BEGIN Data for analysis
definition nondeg_sing :: "(complex \<Rightarrow> real^4) \<Rightarrow> (complex \<Rightarrow> real^4) \<Rightarrow> complex set \<Rightarrow> complex \<Rightarrow> bool" where
  "nondeg_sing k \<nu> U p \<longleftrightarrow> p \<in> sing_set k U \<and>
     (\<exists>D. (signed_area k \<nu> has_derivative D) (at p) \<and> D \<noteq> (\<lambda>_. 0))"

definition cusp_std :: "complex \<Rightarrow> real^4" where
  "cusp_std z = vector [Re z, (Im z)^2, (Im z)^3, 0]"

definition cuspidal_edge :: "(complex \<Rightarrow> real^4) \<Rightarrow> complex set \<Rightarrow> complex \<Rightarrow> bool" where
  "cuspidal_edge k U p \<longleftrightarrow>
     (\<exists>V W (\<phi>::complex \<Rightarrow> complex) (\<Phi>::real^4 \<Rightarrow> real^4).
        p \<in> V \<and> V \<subseteq> U \<and> k p \<in> W \<and> diffeo_on \<phi> V \<and> diffeo_on \<Phi> W \<and>
        \<phi> p = 0 \<and> \<Phi> (k p) = 0 \<and> (\<forall>x\<in>V. k x \<in> W \<and> \<Phi> (k x) = cusp_std (\<phi> x)))"

definition line_of_curvature ::
  "(complex \<Rightarrow> real^4) \<Rightarrow> (complex \<Rightarrow> real^4) \<Rightarrow> (real \<Rightarrow> complex) \<Rightarrow> real set \<Rightarrow> bool" where
  "line_of_curvature k \<nu> \<gamma> I \<longleftrightarrow>
     (\<forall>t\<in>I. \<exists>a b::real. (a, b) \<noteq> (0, 0) \<and>
        a *\<^sub>R vector_derivative (k \<circ> \<gamma>) (at t) + b *\<^sub>R vector_derivative (\<nu> \<circ> \<gamma>) (at t) = 0)"

definition singular_curve_through ::
  "(complex \<Rightarrow> real^4) \<Rightarrow> complex set \<Rightarrow> complex \<Rightarrow> (real \<Rightarrow> complex) \<Rightarrow> real \<Rightarrow> bool" where
  "singular_curve_through k U p \<gamma> \<epsilon> \<longleftrightarrow> \<epsilon> > 0 \<and> \<gamma> 0 = p \<and>
     smooth_on {-\<epsilon><..<\<epsilon>} \<gamma> \<and> inj_on \<gamma> {-\<epsilon><..<\<epsilon>} \<and>
     (\<forall>t\<in>{-\<epsilon><..<\<epsilon>}. vector_derivative \<gamma> (at t) \<noteq> 0) \<and>
     (\<exists>W. open W \<and> p \<in> W \<and> \<gamma> ` {-\<epsilon><..<\<epsilon>} = sing_set k U \<inter> W)"

definition tangent_to :: "complex set \<Rightarrow> complex \<Rightarrow> complex \<Rightarrow> bool" where
  "tangent_to S q v \<longleftrightarrow> (\<exists>c e. e > 0 \<and> c 0 = q \<and> (\<forall>t\<in>{-e<..<e}. c t \<in> S) \<and>
                                 (c has_vector_derivative v) (at 0))"

definition cone_like :: "(complex \<Rightarrow> real^4) \<Rightarrow> (complex \<Rightarrow> real^4) \<Rightarrow> complex set \<Rightarrow> complex \<Rightarrow> bool" where
  "cone_like k \<nu> U p \<longleftrightarrow> nondeg_sing k \<nu> U p \<and>
     (\<exists>V. open V \<and> p \<in> V \<and>
        (\<forall>q\<in>V \<inter> sing_set k U. \<forall>\<eta>. frechet_derivative k (at q) \<eta> = 0 \<longrightarrow>
            tangent_to (sing_set k U) q \<eta>))"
END Data for analysis
• Your objective:
Please copy only the lines between the first line of the entries and the line with "(\<exists>V W (\<phi>::complex", keeping those two end lines as well, exactly as written.

• Output for this task:
definition nondeg_sing :: "(complex \<Rightarrow> real^4) \<Rightarrow> (complex \<Rightarrow> real^4) \<Rightarrow> complex set \<Rightarrow> complex \<Rightarrow> bool" where
  "nondeg_sing k \<nu> U p \<longleftrightarrow> p \<in> sing_set k U \<and>
     (\<exists>D. (signed_area k \<nu> has_derivative D) (at p) \<and> D \<noteq> (\<lambda>_. 0))"

definition cusp_std :: "complex \<Rightarrow> real^4" where
  "cusp_std z = vector [Re z, (Im z)^2, (Im z)^3, 0]"

definition cuspidal_edge :: "(complex \<Rightarrow> real^4) \<Rightarrow> complex set \<Rightarrow> complex \<Rightarrow> bool" where
  "cuspidal_edge k U p \<longleftrightarrow>
     (\<exists>V W (\<phi>::complex \<Rightarrow> complex) (\<Phi>::real^4 \<Rightarrow> real^4).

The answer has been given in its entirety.